When the Cray XT5 was first installed at Oak Ridge, in the first month that it was installed, we had set multiple records on real production applications. To me that is productive supercomputing. That is what we aim for at Cray.
With regards to Exascale Cray will aim to bring to market production Exascale systems. For us, it is not being number one in the world. It is about providing the HPC community the best, most productive, Exascale system that you can make.
Primeur magazine: I am thinking about how you can show the real applications that really make a difference. Some metric would be useful.
Barry Bolding: NERSC actually tracks scientific papers published based upon work done on their systems. This is one metric that might be useful for measuring productivity. The Jaguar system at ORNL, has been in production for 2 and a half years with a system that is greater than 2 Petaflop/s and 220 thousand processing cores. You can do a lot of productive work in that time on that size of system and I am sure there are many ways to measure that productivity. The K Computer by Fujitsu is actually a very nice design, it is a great engineering accomplishment, but what really will determine how useful it will be for the HPC community, will be how much productive work gets done on that system over the next few years. How much productive work will also depend on how many applications can scale. Will it support a few applications running efficiently, or will it have hundreds of applications running efficiently?
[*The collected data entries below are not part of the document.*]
(* Fix finite nonempty sets $A$ and $\Omega$, a prior $\mu_0$ on $\Omega$ with $\mu_0(\omega)>0$ for all $\omega$, and a finite message set $M$ with $|M|>\max\{|\Omega|,|A|\}$. Then there is a set of environments of Lebesgue measure one in $[0,1]^{2|A||\Omega|}$ such that, for every environment $(u_S,u_R)$ in this set, commitment is valuable if and only if committed Sender values randomization.
   Context: An environment is a pair $(u_S,u_R)$ of functions $A\times\Omega\to[0,1]$; the set of environments is identified with $[0,1]^{2|A||\Omega|}$. A messaging strategy is a map $\sigma:\Omega\to\Delta M$, written $\sigma(m|\omega)$. An action strategy is a map $\rho:M\to\Delta A$, written $\rho(a|m)$. For $i\in\{S,R\}$ let $U_i(\sigma,\rho)=\sum_{\omega,m,a}\mu_0(\omega)\sigma(m|\omega)\rho(a|m)u_i(a,\omega)$. A profile $(\sigma,\rho)$ is S-BR if $\sigma$ maximizes $U_S(\cdot,\rho)$ over all messaging strategies. It is R-BR if $\rho$ maximizes $U_R(\sigma,\cdot)$ over all action strategies. A persuasion profile is an R-BR profile, and the persuasion payoff is the maximum of $U_S$ over persuasion profiles. A cheap-talk equilibrium is a profile that is both S-BR and R-BR, and the cheap-talk payoff is the maximum of $U_S$ over cheap-talk equilibria. Commitment is valuable if the persuasion payoff is strictly greater than the cheap-talk payoff. A messaging strategy $\sigma$ is partitional if for every $\omega$ there is $m$ with $\sigma(m|\omega)=1$. The partitional persuasion payoff is the maximum of $U_S$ over persuasion profiles $(\sigma,\rho)$ with $\sigma$ partitional. Committed Sender values randomization if the persuasion payoff is strictly greater than the partitional persuasion payoff. *)

theory Defs
  imports "HOL-Analysis.Analysis"
begin

text \<open>Actions: type 'a, states: type 'w, messages: type 'm (all finite, nonempty as types).\<close>

definition messaging_strategy :: "('w::finite \<Rightarrow> 'm::finite \<Rightarrow> real) \<Rightarrow> bool" where
  "messaging_strategy \<sigma> \<longleftrightarrow> (\<forall>w m. 0 \<le> \<sigma> w m) \<and> (\<forall>w. (\<Sum>m\<in>UNIV. \<sigma> w m) = 1)"

definition action_strategy :: "('m::finite \<Rightarrow> 'a::finite \<Rightarrow> real) \<Rightarrow> bool" where
  "action_strategy \<rho> \<longleftrightarrow> (\<forall>m a. 0 \<le> \<rho> m a) \<and> (\<forall>m. (\<Sum>a\<in>UNIV. \<rho> m a) = 1)"

definition payoff :: "('w::finite \<Rightarrow> real) \<Rightarrow> ('a::finite \<Rightarrow> 'w \<Rightarrow> real)
    \<Rightarrow> ('w \<Rightarrow> 'm::finite \<Rightarrow> real) \<Rightarrow> ('m \<Rightarrow> 'a \<Rightarrow> real) \<Rightarrow> real" where
  "payoff \<mu>0 u \<sigma> \<rho> = (\<Sum>w\<in>UNIV. \<Sum>m\<in>UNIV. \<Sum>a\<in>UNIV. \<mu>0 w * \<sigma> w m * \<rho> m a * u a w)"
So I am very proud of Cray’s accomplishments over the last 12 - 18 months. Gemini is a great network, AMD processors and now the NVIDIA processors are best in class, and the Cray XE6 and XK6 systems based these technologies are built for scalability and productivity. This puts Cray in a great position to provide our customers with the products they need to solve their most challenging HPC problems.
Primeur magazine: Thank you for this interview.